Define customized access policies to restrict and allow access based on the device location. For example, a company can enable access from the internet to only Windows clients and web clients. IT can configure allow or deny client access policies from the following locations:

  • Access from the internet

  • Access from local network

  • Access from Anywhere

  • Access from customer-defined networks

  • Deny access from customer defined networks

The above allow and deny client access policies can be configured for the following clients:

  • Web client

  • Web management

  • Windows client

  • Mac client

  • Mobile client

Share Acces Policy

IT can also prevent data loss and data leakage of important company confidential shares by configuring ‘Share Access Policies’ for external users who are not company employees. You can configure allow or deny shares access policies from the following locations:

  • Access from the internet

  • Access from local network

  • Access from Anywhere

  • Access from customer-defined networks

  • Deny access from customer defined networks

The above allow and deny share access policies can be configured with the following conditions:

  • Visible

  • Permissions to list files

  • Permissions to read files

  • Permissions to create or update files and folders

  • Permissions to delete files and folders

  • Secure data room

Enable SSL between the client and worker nodes

You will enable SSL between the clients and the worker nodes so the communication between the access clients out there in the Internet and the worker nodes are encrypted (Data-In-Transit).
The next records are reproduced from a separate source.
(* Consider momentum gradient flow with parameter $\lambda>0$ on a 2-layer diagonal linear network as described in the context. Assume $u_t,v_t\in L^\infty(0,\infty)$ and that $\Delta_\infty=\lim_{t\to\infty}\Delta_t$ has all coordinates nonzero. Then the limit $\lim_{t\to\infty}\int_0^t\nabla L(\theta_s)\,\mathrm{d}s=\int_0^\infty\nabla L(\theta_t)\,\mathrm{d}t$ exists, and consequently $\lim_{t\to\infty}\int_0^t\nabla L(\theta_s)e^{-\frac{t-s}{\lambda}}\,\mathrm{d}s=0$.
   Context: Data $x_1,\dots,x_n\in\mathbb{R}^d$, $y\in\mathbb{R}^n$, loss $L(\theta)=\frac{1}{2n}\sum_{i=1}^n(y_i-\langle x_i,\theta\rangle)^2$. Momentum gradient flow on the diagonal linear network: $(u_t,v_t)$ solves $\lambda\ddot u_t+\dot u_t+\nabla L(\theta_t)\odot v_t=0$, $\lambda\ddot v_t+\dot v_t+\nabla L(\theta_t)\odot u_t=0$, $\theta_t=u_t\odot v_t$, with $\dot u_0=\dot v_0=0$ and $|u_0^2-v_0^2|$ having all coordinates nonzero. $\Delta_t=|u_t^2-v_t^2|$ coordinate-wise. *)

theory Defs
  imports "HOL-Analysis.Analysis"
begin

definition lossL :: "('n::finite \<Rightarrow> real^'d::finite) \<Rightarrow> ('n \<Rightarrow> real) \<Rightarrow> real^'d \<Rightarrow> real" where
  "lossL x y \<theta> = (1 / (2 * real CARD('n))) * (\<Sum>i\<in>UNIV. (y i - x i \<bullet> \<theta>)\<^sup>2)"

definition gradL :: "('n::finite \<Rightarrow> real^'d::finite) \<Rightarrow> ('n \<Rightarrow> real) \<Rightarrow> real^'d \<Rightarrow> real^'d" where
  "gradL x y \<theta> = - ((1 / real CARD('n)) *\<^sub>R (\<Sum>i\<in>UNIV. (y i - x i \<bullet> \<theta>) *\<^sub>R x i))"

lemma gradL_is_gradient: "GDERIV (lossL x y) \<theta> :> gradL x y \<theta>"
  unfolding gderiv_def lossL_def gradL_def
  apply (rule derivative_eq_intros refl)+
  apply (simp add: inner_sum_left inner_diff_left algebra_simps power2_eq_square sum_distrib_left sum_subtractf fun_eq_iff inner_commute)
  apply (simp add: inner_sum_right sum_divide_distrib add_divide_distrib mult.commute mult.left_commute)
  done

end

theory Submission
  imports Defs
begin

text \<open>The energy \<open>L(\<theta>) + \<lambda>/2 (\<bar>u'\<bar>\<^sup>2 + \<bar>v'\<bar>\<^sup>2)\<close> decreases at rate \<open>\<bar>u'\<bar>\<^sup>2 + \<bar>v'\<bar>\<^sup>2\<close>,
  so by Barbalat's lemma first \<open>u', v'\<close> and then \<open>u'', v''\<close> tend to \<open>0\<close>.  The equations of
  motion then give \<open>\<nabla>L(\<theta>) \<odot> u \<rightarrow> 0\<close> and \<open>\<nabla>L(\<theta>) \<odot> v \<rightarrow> 0\<close>, hence \<open>\<nabla>L(\<theta>) \<rightarrow> 0\<close>
  because \<open>\<Delta>\<^sub>\<infinity>\<close> has no zero coordinate.  This already gives the second claim.

  For the first, write \<open>G(t) = \<integral>\<^sub>0\<^sup>t \<nabla>L(\<theta>\<^sub>s) ds\<close>.  Coordinatewise, \<open>w = u + v\<close> and
  \<open>z = u - v\<close> solve \<open>\<lambda> w'' + w' + G' w = 0\<close> and \<open>\<lambda> z'' + z' - G' z = 0\<close>, and a Lyapunov
  argument shows that \<open>G + \<rho>\<close> converges to some \<open>K\<close>, where \<open>\<rho> = ln \<bar>u + v\<bar>\<close>.  It remains
  to show that the bounded function \<open>\<rho>\<close> converges.  Along any sequence on which \<open>\<rho> \<rightarrow> \<alpha>\<close>
  we get \<open>\<theta> \<rightarrow> \<Theta>(\<alpha>)\<close> with \<open>\<nabla>L(\<Theta>(\<alpha>)) = 0\<close>, and \<open>G \<rightarrow> K - \<alpha>\<close>.  For two limit points
  \<open>\<alpha>, \<beta>\<close> the difference \<open>\<Theta>(\<alpha>) - \<Theta>(\<beta>)\<close> is orthogonal to all data points, hence to
  every value of \<open>G\<close>, so \<open>(\<alpha> - \<beta>) \<bullet> (\<Theta>(\<alpha>) - \<Theta>(\<beta>)) = 0\<close>; since \<open>\<Theta>\<close> is
  coordinatewise strictly increasing, \<open>\<alpha> = \<beta>\<close>.\<close>

section \<open>Analysis on the half-line\<close>

lemma lipschitz_on_bounded_vector_derivative:
  fixes f :: "real \<Rightarrow> 'a::real_normed_vector"
  assumes "convex S" "0 \<le> B"
    and "\<And>t. t \<in> S \<Longrightarrow> (f has_vector_derivative f' t) (at t within S)"
    and "\<And>t. t \<in> S \<Longrightarrow> norm (f' t) \<le> B"
  shows "B-lipschitz_on S f"
  using assms
  by (intro bounded_derivative_imp_lipschitz)
    (auto simp: has_vector_derivative_def onorm_scaleR_left[OF bounded_linear_ident] onorm_id)

lemma uniformly_continuous_on_bounded_vector_derivative:
  fixes f :: "real \<Rightarrow> 'a::real_normed_vector"
  assumes "convex S" "bounded (f' ` S)"
    and "\<And>t. t \<in> S \<Longrightarrow> (f has_vector_derivative f' t) (at t within S)"
  shows "uniformly_continuous_on S f"
proof -
  obtain B where "B > 0" "\<And>t. t \<in> S \<Longrightarrow> norm (f' t) \<le> B"
    using assms(2) by (auto simp: bounded_pos)
  then have "B-lipschitz_on S f"
    using assms by (intro lipschitz_on_bounded_vector_derivative) auto
  then show ?thesis
    by (rule lipschitz_on_uniformly_continuous)
qed

lemma uniformly_continuous_on_cong:
  fixes f g :: "'a::metric_space \<Rightarrow> 'b::metric_space"
  shows "uniformly_continuous_on S f \<Longrightarrow> (\<And>x. x \<in> S \<Longrightarrow> f x = g x) \<Longrightarrow> uniformly_continuous_on S g"
  unfolding uniformly_continuous_on_def by simp

lemma uniformly_continuous_on_compose_continuous:
  fixes f :: "'a::metric_space \<Rightarrow> 'b::heine_borel" and h :: "'b \<Rightarrow> 'c::metric_space"
  assumes "continuous_on UNIV h" "uniformly_continuous_on S f" "bounded (f ` S)"
  shows "uniformly_continuous_on S (\<lambda>x. h (f x))"
proof (rule uniformly_continuous_on_compose[OF assms(2)])
  have "continuous_on (closure (f ` S)) h"
    using assms(1) by (rule continuous_on_subset) simp
  moreover have "compact (closure (f ` S))"
    using assms(3) by simp
  ultimately have uc: "uniformly_continuous_on (closure (f ` S)) h"
    by (rule compact_uniformly_continuous)
  show "uniformly_continuous_on (f ` S) h"
    unfolding uniformly_continuous_on_def
  proof (intro allI impI)
    fix e :: real
    assume "e > 0"
    with uc obtain d where "d > 0" and d: "\<And>a b. a \<in> closure (f ` S) \<Longrightarrow> b \<in> closure (f ` S) \<Longrightarrow>
        dist b a < d \<Longrightarrow> dist (h b) (h a) < e"
      unfolding uniformly_continuous_on_def by metis
    then show "\<exists>d>0. \<forall>x\<in>f ` S. \<forall>x'\<in>f ` S. dist x' x < d \<longrightarrow> dist (h x') (h x) < e"
      using closure_subset[of "f ` S"] by blast
  qed
qed

lemma bounded_image_compose_continuous:
  fixes f :: "'a \<Rightarrow> 'b::heine_borel" and h :: "'b \<Rightarrow> 'c::metric_space"
  assumes "continuous_on UNIV h" "bounded (f ` S)"
  shows "bounded ((\<lambda>x. h (f x)) ` S)"
proof -
  have "continuous_on (closure (f ` S)) h"
    using assms(1) by (rule continuous_on_subset) simp
  moreover have "compact (closure (f ` S))"
    using assms(2) by simp
  ultimately have "bounded (h ` closure (f ` S))"
    by (intro compact_imp_bounded compact_continuous_image)
  moreover have "(\<lambda>x. h (f x)) ` S \<subseteq> h ` closure (f ` S)"
    using closure_subset by fastforce
  ultimately show ?thesis
    by (rule bounded_subset)
qed

lemma (in bounded_bilinear) bounded_image:
  assumes "bounded (f ` S)" "bounded (g ` S)"
  shows "bounded ((\<lambda>x. prod (f x) (g x)) ` S)"
proof -
  obtain A where A: "\<And>x. x \<in> S \<Longrightarrow> norm (f x) \<le> A"
    using assms(1) unfolding bounded_iff by auto
  obtain B where B: "\<And>x. x \<in> S \<Longrightarrow> norm (g x) \<le> B"
    using assms(2) unfolding bounded_iff by auto
  obtain K where K: "\<And>a b. norm (prod a b) \<le> norm a * norm b * K" "K \<ge> 0"
    using nonneg_bounded by blast
  have "norm (prod (f x) (g x)) \<le> A * B * K" if "x \<in> S" for x
  proof -
    have "norm (f x) * norm (g x) \<le> A * B"
      using that A B by (intro mult_mono) (auto intro: order_trans[OF norm_ge_zero])
    then show ?thesis
      using K(1)[of "f x" "g x"] K(2) by (meson mult_right_mono order_trans)
  qed
  then show ?thesis
    unfolding bounded_iff by blast
qed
The communication between the clients and the server is secured by the SSL (HTTPS).

Front Firewall HTTPS Only

For the Internet facing Firewall, you will enable the port 443 for HTTPS only.

Have an Internal Management Node

You will have most of the worker nodes under the load balancer, and servicing external requests. You can save one worker node and make it internal only. You will enable management functionalities on this management node only.

Put Backend Servers behind Second Firewall

For the storage services, the Active Directory (optional) and Database (SQL) Server, you can put it behind the second firewall.

Enable Data-At-Rest Encryption

You can turn on Data-At-Rest Encryption. The Data-At-Rest encryption is using AES 256 algorithm.

Route Traffic through Worker Nodes

If you have backend object storage services, most of the object-based storage service is directly addressable. If you want to reduce the attack surface, you can force the traffic to be routed through the worker nodes.